Exercise goal: Gather all lines in the entries that include the word "infinity".

[Stored items]
lemma wiener_moment2_conv_integrand:
  assumes H: "1/2 < H" "H \<le> 1" and t: "0 \<le> t"
  shows "wiener_integrable H (\<lambda>r. conv_integrand e lam \<Phi> t r (e n) \<bullet> e i) 0 t"
    and "wiener_moment2 H (\<lambda>r. conv_integrand e lam \<Phi> t r (e n) \<bullet> e i) 0 t
           \<le> 8 * H\<^sup>2 * (\<Phi> (e n) \<bullet> e i)\<^sup>2 * (1 / lam i) powr (2 * H)"
proof -
  define g where "g r = exp (- ((t - r) * lam i))" for r
  have coeff: "conv_integrand e lam \<Phi> t r (e n) \<bullet> e i = (\<Phi> (e n) \<bullet> e i) * g r" if "r \<in> {0..t}" for r
    using that by (simp add: conv_integrand_def g_def inner_sgrp mult_ac)
  have "(\<integral>\<^sup>+r. ennreal (\<bar>g r\<bar> * indicator {0..t} r) \<partial>lborel)
      = (\<integral>\<^sup>+r. ennreal (exp (- ((t - r) * lam i))) * indicator {0..t} r \<partial>lborel)"
    by (intro nn_integral_cong) (simp add: g_def indicator_def)
  also have "\<dots> = ennreal ((1 - exp (- ((t - 0) * lam i))) / lam i)"
    by (rule nn_integral_exp_decay[OF t lam_pos])
  also have "\<dots> \<le> ennreal (2 * (1 / lam i))"
  proof (intro ennreal_leI)
    have "1 - exp (- ((t - 0) * lam i)) \<le> 2"
      using exp_gt_zero[of "- ((t - 0) * lam i)"] by linarith
    then show "(1 - exp (- ((t - 0) * lam i))) / lam i \<le> 2 * (1 / lam i)"
      using lam_pos[of i] by (simp add: divide_right_mono)
  qed
  finally have g_int: "(\<integral>\<^sup>+r. ennreal (\<bar>g r\<bar> * indicator {0..t} r) \<partial>lborel) \<le> ennreal (2 * (1 / lam i))" .
  have g: "g \<in> borel_measurable borel" "\<And>r. r \<in> {0..t} \<Longrightarrow> \<bar>g r\<bar> \<le> 1"
    using lam_pos[of i] by (auto simp: g_def[abs_def])
  have m: "0 < 1 / lam i" using lam_pos[of i] by simp
  note bound = wiener_moment2_le[where a = 0 and b = t, OF H coeff g m g_int]
  show "wiener_integrable H (\<lambda>r. conv_integrand e lam \<Phi> t r (e n) \<bullet> e i) 0 t"
    using bound(1) lam_pos[of i] by simp
  show "wiener_moment2 H (\<lambda>r. conv_integrand e lam \<Phi> t r (e n) \<bullet> e i) 0 t
           \<le> 8 * H\<^sup>2 * (\<Phi> (e n) \<bullet> e i)\<^sup>2 * (1 / lam i) powr (2 * H)"
    using bound(2) lam_pos[of i] by simp
qed

lemma wiener_moment2_conv_diff_integrand:
  assumes H: "1/2 < H" "H \<le> 1" and st: "0 \<le> s" "s < t"
  shows "wiener_moment2 H (\<lambda>r. conv_diff_integrand e lam \<Phi> s t r (e n) \<bullet> e i) 0 t
           \<le> 8 * H\<^sup>2 * (\<Phi> (e n) \<bullet> e i)\<^sup>2 * (min (t - s) (1 / lam i)) powr (2 * H)"
proof -
  define g where "g r = exp (- ((t - r) * lam i)) - (if r \<le> s then exp (- ((s - r) * lam i)) else 0)" for r
  have coeff: "conv_diff_integrand e lam \<Phi> s t r (e n) \<bullet> e i = (\<Phi> (e n) \<bullet> e i) * g r"
    if "r \<in> {0..t}" for r
    using that by (simp add: conv_diff_integrand_def g_def inner_diff_left inner_sgrp algebra_simps)
  have g: "g \<in> borel_measurable borel" "\<And>r. r \<in> {0..t} \<Longrightarrow> \<bar>g r\<bar> \<le> 1"
    using lam_pos[of i] by (auto simp: g_def[abs_def] abs_exp_increment_le_one)
  have m: "0 < min (t - s) (1 / lam i)" using st lam_pos[of i] by simp
  have g_int: "(\<integral>\<^sup>+r. ennreal (\<bar>g r\<bar> * indicator {0..t} r) \<partial>lborel) \<le> ennreal (2 * min (t - s) (1 / lam i))"
    unfolding g_def using st by (intro nn_integral_exp_increment_le lam_pos) auto
  show ?thesis by (rule wiener_moment2_le(2)[where a = 0 and b = t, OF H coeff g m g_int])
qed

lemma stoch_moment2_conv_le:
  assumes H: "1/2 < H" "H \<le> 1" and \<beta>: "\<beta> \<le> 1" and \<gamma>: "\<gamma> \<le> 2 * H + \<beta> - 1" and t: "0 \<le> t"
  shows "stoch_moment2 H e lam \<gamma> (conv_integrand e lam \<Phi> t) 0 t
    \<le> ennreal (8 * H\<^sup>2 * lam 0 powr (\<gamma> - (2 * H + \<beta> - 1))) * hs_norm2 e (frac_pow e lam ((\<beta> - 1) / 2) \<circ> \<Phi>)"
proof (rule stoch_moment2_le_hs_norm2[OF \<beta>])
  fix n i
  have "lam i powr \<gamma> * wiener_moment2 H (\<lambda>r. conv_integrand e lam \<Phi> t r (e n) \<bullet> e i) 0 t
      \<le> lam i powr \<gamma> * (8 * H\<^sup>2 * (\<Phi> (e n) \<bullet> e i)\<^sup>2 * (1 / lam i) powr (2 * H))"
    by (intro mult_left_mono wiener_moment2_conv_integrand(2) H t) simp
  also have "\<dots> = 8 * H\<^sup>2 * (\<Phi> (e n) \<bullet> e i)\<^sup>2 * (lam i powr \<gamma> * (1 / lam i) powr (2 * H))"
    by (simp add: mult_ac)
  also have "\<dots> \<le> 8 * H\<^sup>2 * (\<Phi> (e n) \<bullet> e i)\<^sup>2
      * (lam 0 powr (\<gamma> - (2 * H + \<beta> - 1)) * lam i powr (2 * H + \<beta> - 1 - 2 * H))"
    by (intro mult_left_mono powr_inverse_le lam_pos lam_ge_lam0 \<gamma>) simp
  finally show "lam i powr \<gamma> * wiener_moment2 H (\<lambda>r. conv_integrand e lam \<Phi> t r (e n) \<bullet> e i) 0 t
      \<le> 8 * H\<^sup>2 * lam 0 powr (\<gamma> - (2 * H + \<beta> - 1)) * (lam i powr (\<beta> - 1) * (\<Phi> (e n) \<bullet> e i)\<^sup>2)"
    by (simp add: mult_ac)
qed simp

lemma stoch_moment2_conv_diff_le:
  assumes H: "1/2 < H" "H \<le> 1" and \<beta>: "\<beta> \<le> 1" and \<delta>: "0 \<le> \<delta>" "\<delta> \<le> 2 * H + \<beta> - 1"
    and st: "0 \<le> s" "s < t"
  shows "stoch_moment2 H e lam \<delta> (conv_diff_integrand e lam \<Phi> s t) 0 t
    \<le> ennreal (8 * H\<^sup>2 * (t - s) powr (2 * H + \<beta> - 1 - \<delta>)) * hs_norm2 e (frac_pow e lam ((\<beta> - 1) / 2) \<circ> \<Phi>)"
proof (rule stoch_moment2_le_hs_norm2[OF \<beta>])
  fix n i
  have "lam i powr \<delta> * wiener_moment2 H (\<lambda>r. conv_diff_integrand e lam \<Phi> s t r (e n) \<bullet> e i) 0 t
      \<le> lam i powr \<delta> * (8 * H\<^sup>2 * (\<Phi> (e n) \<bullet> e i)\<^sup>2 * (min (t - s) (1 / lam i)) powr (2 * H))"
    by (intro mult_left_mono wiener_moment2_conv_diff_integrand H st) simp
  also have "\<dots> = 8 * H\<^sup>2 * (\<Phi> (e n) \<bullet> e i)\<^sup>2 * (lam i powr \<delta> * (min (t - s) (1 / lam i)) powr (2 * H))"
    by (simp add: mult_ac)
  also have "\<dots> \<le> 8 * H\<^sup>2 * (\<Phi> (e n) \<bullet> e i)\<^sup>2
      * ((t - s) powr (2 * H + \<beta> - 1 - \<delta>) * lam i powr (2 * H + \<beta> - 1 - 2 * H))"
    using \<beta> \<delta> st by (intro mult_left_mono powr_min_le lam_pos) auto
  finally show "lam i powr \<delta> * wiener_moment2 H (\<lambda>r. conv_diff_integrand e lam \<Phi> s t r (e n) \<bullet> e i) 0 t
      \<le> 8 * H\<^sup>2 * (t - s) powr (2 * H + \<beta> - 1 - \<delta>) * (lam i powr (\<beta> - 1) * (\<Phi> (e n) \<bullet> e i)\<^sup>2)"
    by (simp add: mult_ac)
qed simp

lemma stoch_well_defined_conv:
  assumes H: "1/2 < H" "H \<le> 1" and \<beta>: "1 - 2 * H \<le> \<beta>" "\<beta> \<le> 1" and t: "0 \<le> t"
    and hs: "hs_norm2 e (frac_pow e lam ((\<beta> - 1) / 2) \<circ> \<Phi>) < \<infinity>"
  shows "stoch_well_defined H e lam (conv_integrand e lam \<Phi> t) 0 t"
proof -
  have "stoch_moment2 H e lam 0 (conv_integrand e lam \<Phi> t) 0 t
      \<le> ennreal (8 * H\<^sup>2 * lam 0 powr (0 - (2 * H + \<beta> - 1))) * hs_norm2 e (frac_pow e lam ((\<beta> - 1) / 2) \<circ> \<Phi>)"
    using \<beta> by (intro stoch_moment2_conv_le H t) auto
  also have "\<dots> < \<infinity>"
    using hs by (simp add: ennreal_mult_less_top)
  finally show ?thesis
    unfolding stoch_well_defined_def using wiener_moment2_conv_integrand(1)[OF H t] by blast
qed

Solution to this task:
    and hs: "hs_norm2 e (frac_pow e lam ((\<beta> - 1) / 2) \<circ> \<Phi>) < \<infinity>"
  also have "\<dots> < \<infinity>"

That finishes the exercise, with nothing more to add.